lemma legendre_kernel_distinct_radau_roots:
  assumes "0 < N" and root_a: "Leg N a + Leg (Suc N) a = 0" and root_b: "Leg N b + Leg (Suc N) b = 0"
    and "a \<noteq> b"
  shows "legendre_kernel N b a = - ((2 * real N + 1) / 2 * Leg N a * Leg N b)"
proof -
  obtain m where N: "N = Suc m" using \<open>0 < N\<close> gr0_implies_Suc by blast
  have "(b - a) * legendre_kernel N b a = 1 / 2 * (Leg N b * (real N * Leg m a) - (real N * Leg m b) * Leg N a)"
    unfolding N legendre_kernel_christoffel_darboux by (simp add: field_simps)
  also have "\<dots> = (b - a) * - ((2 * real N + 1) / 2 * Leg N a * Leg N b)"
    using radau_root_Leg_pred[of m a] radau_root_Leg_pred[of m b] root_a root_b
    unfolding N by (simp add: field_simps)
  finally show ?thesis
    using \<open>a \<noteq> b\<close> by (subst (asm) mult_left_cancel) auto
qed

lemma legendre_kernel_diagonal_radau_root:
  assumes "0 < N" and root: "Leg N a + Leg (Suc N) a = 0" and "a \<noteq> -1"
  shows "legendre_kernel N a a + (2 * real N + 1) / 2 * (Leg N a)\<^sup>2 = 1 / lgr_weight N a"
proof -
  obtain m where N: "N = Suc m" using \<open>0 < N\<close> gr0_implies_Suc by blast
  have "a \<noteq> 1" "Leg N a \<noteq> 0"
    using radau_root_ne_one radau_root_Leg_nonzero root by blast+
  have Leg'_pred: "Leg' m a = a * Leg' N a - real N * Leg N a"
    using conjunct2[OF Leg'_Suc[of m a]] unfolding N by simp
  have Leg': "Leg' N a = (real N + 1) * Leg N a / (1 - a)"
    using radau_root_Leg'[of m a] root \<open>a \<noteq> -1\<close> \<open>a \<noteq> 1\<close> unfolding N by (simp add: field_simps)
  have Leg_pred: "real N * Leg m a - real N * a * Leg N a = (real N + 1) * (1 + a) * Leg N a"
    using radau_root_Leg_pred[of m a] root unfolding N by (simp add: algebra_simps)
  have "legendre_kernel N a a
      = real N / 2 * (Leg' N a * Leg m a - Leg' m a * Leg N a)"
    unfolding N legendre_kernel_diagonal ..
  also have "\<dots> = Leg' N a * (real N * Leg m a - real N * a * Leg N a) / 2 + (real N)\<^sup>2 / 2 * (Leg N a)\<^sup>2"
    unfolding Leg'_pred by (simp add: field_simps power2_eq_square)
  also have "\<dots> = (real N + 1)\<^sup>2 * (1 + a) / (2 * (1 - a)) * (Leg N a)\<^sup>2 + (real N)\<^sup>2 / 2 * (Leg N a)\<^sup>2"
    using \<open>a \<noteq> 1\<close> unfolding Leg_pred Leg' by (simp add: field_simps power2_eq_square)
  finally show ?thesis
    using \<open>a \<noteq> 1\<close> \<open>Leg N a \<noteq> 0\<close> by (simp add: lgr_weight_def field_simps power2_eq_square)
qed

text \<open>For \<open>b = x\<^sub>j\<close> the coefficients are the \<open>\<alpha>\<^sub>k\<^sub>j / \<gamma>\<^sub>k\<close> of the proposition.\<close>

definition radau_cardinal_deriv :: "nat \<Rightarrow> real \<Rightarrow> real poly" where
  "radau_cardinal_deriv N b =
     (\<Sum>k<N. smult ((Leg k b - (-1) ^ (N + k) * Leg N b) * lgr_weight N b / lgr_gamma k) (legendre k))"

lemma poly_radau_cardinal_deriv:
  "poly (radau_cardinal_deriv N b) y
     = lgr_weight N b * (legendre_kernel N b y - (-1) ^ N * Leg N b * legendre_kernel N (-1) y)"
proof -
  have "poly (radau_cardinal_deriv N b) y
      = (\<Sum>k<N. lgr_weight N b * (Leg k b * Leg k y / lgr_gamma k)
               - lgr_weight N b * ((-1) ^ N * Leg N b) * (Leg k (-1) * Leg k y / lgr_gamma k))"
    unfolding radau_cardinal_deriv_def poly_sum
    by (intro sum.cong) (simp_all add: Leg_minus_one power_add diff_divide_distrib algebra_simps)
  then show ?thesis
    by (simp only: legendre_kernel_def sum_subtractf sum_distrib_left right_diff_distrib mult.assoc)
qed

• Exercise brief
Taking the entries above, write out exactly each line from the one holding "using radau_root_Leg_pred[of m a] root" to the one holding "unfolding Leg'_pred by", both included, and stop there.

• Answer space
    using radau_root_Leg_pred[of m a] root unfolding N by (simp add: algebra_simps)
  have "legendre_kernel N a a
      = real N / 2 * (Leg' N a * Leg m a - Leg' m a * Leg N a)"
    unfolding N legendre_kernel_diagonal ..
  also have "\<dots> = Leg' N a * (real N * Leg m a - real N * a * Leg N a) / 2 + (real N)\<^sup>2 / 2 * (Leg N a)\<^sup>2"
    unfolding Leg'_pred by (simp add: field_simps power2_eq_square)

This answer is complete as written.